Here is a business tip for any self employed folks out there.
There are some accounting rules that enable companies to take the cost of certain projects to the balance sheet. Normally costs just go straight through to the P&L as expenses and come off the profit in the year they are incurred.
If a project can meet the criteria to be capitalised then the costs can be spread over multiple years. I won’t go into the minutiae of those rules for 2 reasons:
- I don’t know them
- They are probably pretty complex
- If I did know them I wouldn’t bore you with them
ok 3 reasons then.
In capitalised projects the value that gets put on the balance sheet (as an asset) is related to the costs incurred. Therefore – the more they spend the more the asset is worth. Neat.
If you ever get chance to work on this type of project (they tend to be fairly big) there is often significantly more rate flexibility than your standard expensed project. After all the more you charge, the more their final asset is worth.
Of course the costs do hit the P&L eventually but normally depreciated over many years.
Anyone else worked on these sort of projects?

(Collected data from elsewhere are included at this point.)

lemma card_code_le_step:
  assumes "0 < \<beta>" "0 < \<alpha>" "\<alpha> < 1" "finite P" "spherical_code ({..-\<beta>} \<union> {\<alpha>}) d P" "0 \<le> B"
    and projected: "\<And>Q. finite Q \<Longrightarrow> spherical_code ({..-\<beta>} \<union> {\<alpha>/(1+\<alpha>)}) d Q \<Longrightarrow> real (card Q) \<le> B"
  shows "real (card P) \<le> (1 + 1/\<beta>) * (1 + B)"
proof -
  define W where "W u = {w\<in>P. w \<noteq> u \<and> ip d u w = \<alpha>}" for u
  obtain K where KP: "K \<subseteq> P" and obtuse: "spherical_code {..-\<beta>} d K"
    and cover: "P \<subseteq> K \<union> (\<Union>u\<in>K. W u)"
    using obtuse_clique_dominating[OF assms(4,5)] unfolding W_def by blast
  have fK: "finite K" using KP assms(4) by (rule finite_subset)
  have card_W: "real (card (W u)) \<le> B" if "u \<in> K" for u
  proof -
    have "u \<in> P" using that KP by blast
    then obtain Q where "finite Q" "spherical_code ({..-\<beta>} \<union> {\<alpha>/(1+\<alpha>)}) d Q" "card Q = card (W u)"
      using spherical_code_project_neighbours[OF assms(1-5)] unfolding W_def by blast
    then show ?thesis using projected by metis
  qed
  have "card P \<le> card (K \<union> (\<Union>u\<in>K. W u))"
    using cover fK assms(4) by (intro card_mono) (auto simp: W_def)
  also have "\<dots> \<le> card K + (\<Sum>u\<in>K. card (W u))"
    using card_Un_le[of K "\<Union>u\<in>K. W u"] card_UN_le[OF fK, of W] by linarith
  finally have "real (card P) \<le> real (card K) + (\<Sum>u\<in>K. real (card (W u)))"
    unfolding of_nat_sum[symmetric] of_nat_add[symmetric] of_nat_le_iff .
  also have "\<dots> \<le> real (card K) + real (card K) * B"
    using sum_mono[of K "\<lambda>u. real (card (W u))" "\<lambda>_. B"] card_W by simp
  also have "\<dots> = real (card K) * (1 + B)" by (simp add: algebra_simps)
  also have "\<dots> \<le> (1 + 1/\<beta>) * (1 + B)"
    using card_obtuse_code_le[OF fK assms(1) obtuse] assms(6) by (intro mult_right_mono) auto
  finally show ?thesis .
qed

primrec code_bound :: "real \<Rightarrow> nat \<Rightarrow> real" where
  "code_bound \<beta> 0 = 2/\<beta>\<^sup>2 + 1"
| "code_bound \<beta> (Suc n) = (1 + 1/\<beta>) * (1 + code_bound \<beta> n)"

lemma code_bound_nonneg: "0 < \<beta> \<Longrightarrow> 0 \<le> code_bound \<beta> n"
  by (induction n) simp_all

lemma card_code_le_code_bound:
  assumes "0 < \<beta>" "0 < \<alpha>" "\<alpha> < 1" "2/\<beta>\<^sup>2 \<le> 1/\<alpha> + real n"
    "finite P" "spherical_code ({..-\<beta>} \<union> {\<alpha>}) d P"
  shows "real (card P) \<le> code_bound \<beta> n * (real d + 1)"
  using assms(2-)
proof (induction n arbitrary: \<alpha> P)
  case 0
  then have "\<alpha> \<le> \<beta>\<^sup>2/2" using assms(1) by (simp add: field_simps)
  then show ?case using card_code_le_of_small_alpha[OF assms(1)] 0 by simp
next
  case (Suc n)
  have "1/(\<alpha>/(1+\<alpha>)) = 1/\<alpha> + 1" using Suc.prems(1) by (simp add: field_simps)
  then have "real (card Q) \<le> code_bound \<beta> n * (real d + 1)"
    if "finite Q" "spherical_code ({..-\<beta>} \<union> {\<alpha>/(1+\<alpha>)}) d Q" for Q
    using Suc.IH[OF _ _ _ that] Suc.prems(1-3) by simp
  then have "real (card P) \<le> (1 + 1/\<beta>) * (1 + code_bound \<beta> n * (real d + 1))"
    using Suc.prems code_bound_nonneg[OF assms(1)]
    by (intro card_code_le_step[OF assms(1)]) auto
  also have "\<dots> \<le> (1 + 1/\<beta>) * ((1 + code_bound \<beta> n) * (real d + 1))"
    using assms(1) code_bound_nonneg[OF assms(1), of n] by (intro mult_left_mono) (auto simp: algebra_simps)
  finally show ?case by (simp add: mult.assoc)
qed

Any other top tips?
cheers
Simon
Wednesday, 29th August, 2007 at 9:28 pm |
Verbal contracts aren’t worth the paper they’re written on.
Written contracts are only worth what they cost to defend.
(I’m a cynic but a happy one).
The projects least likely to have the plug pulled (in my experience) are regulatory ones where the industry regulator is breathing down the neck of the company to abide by a compliance issue.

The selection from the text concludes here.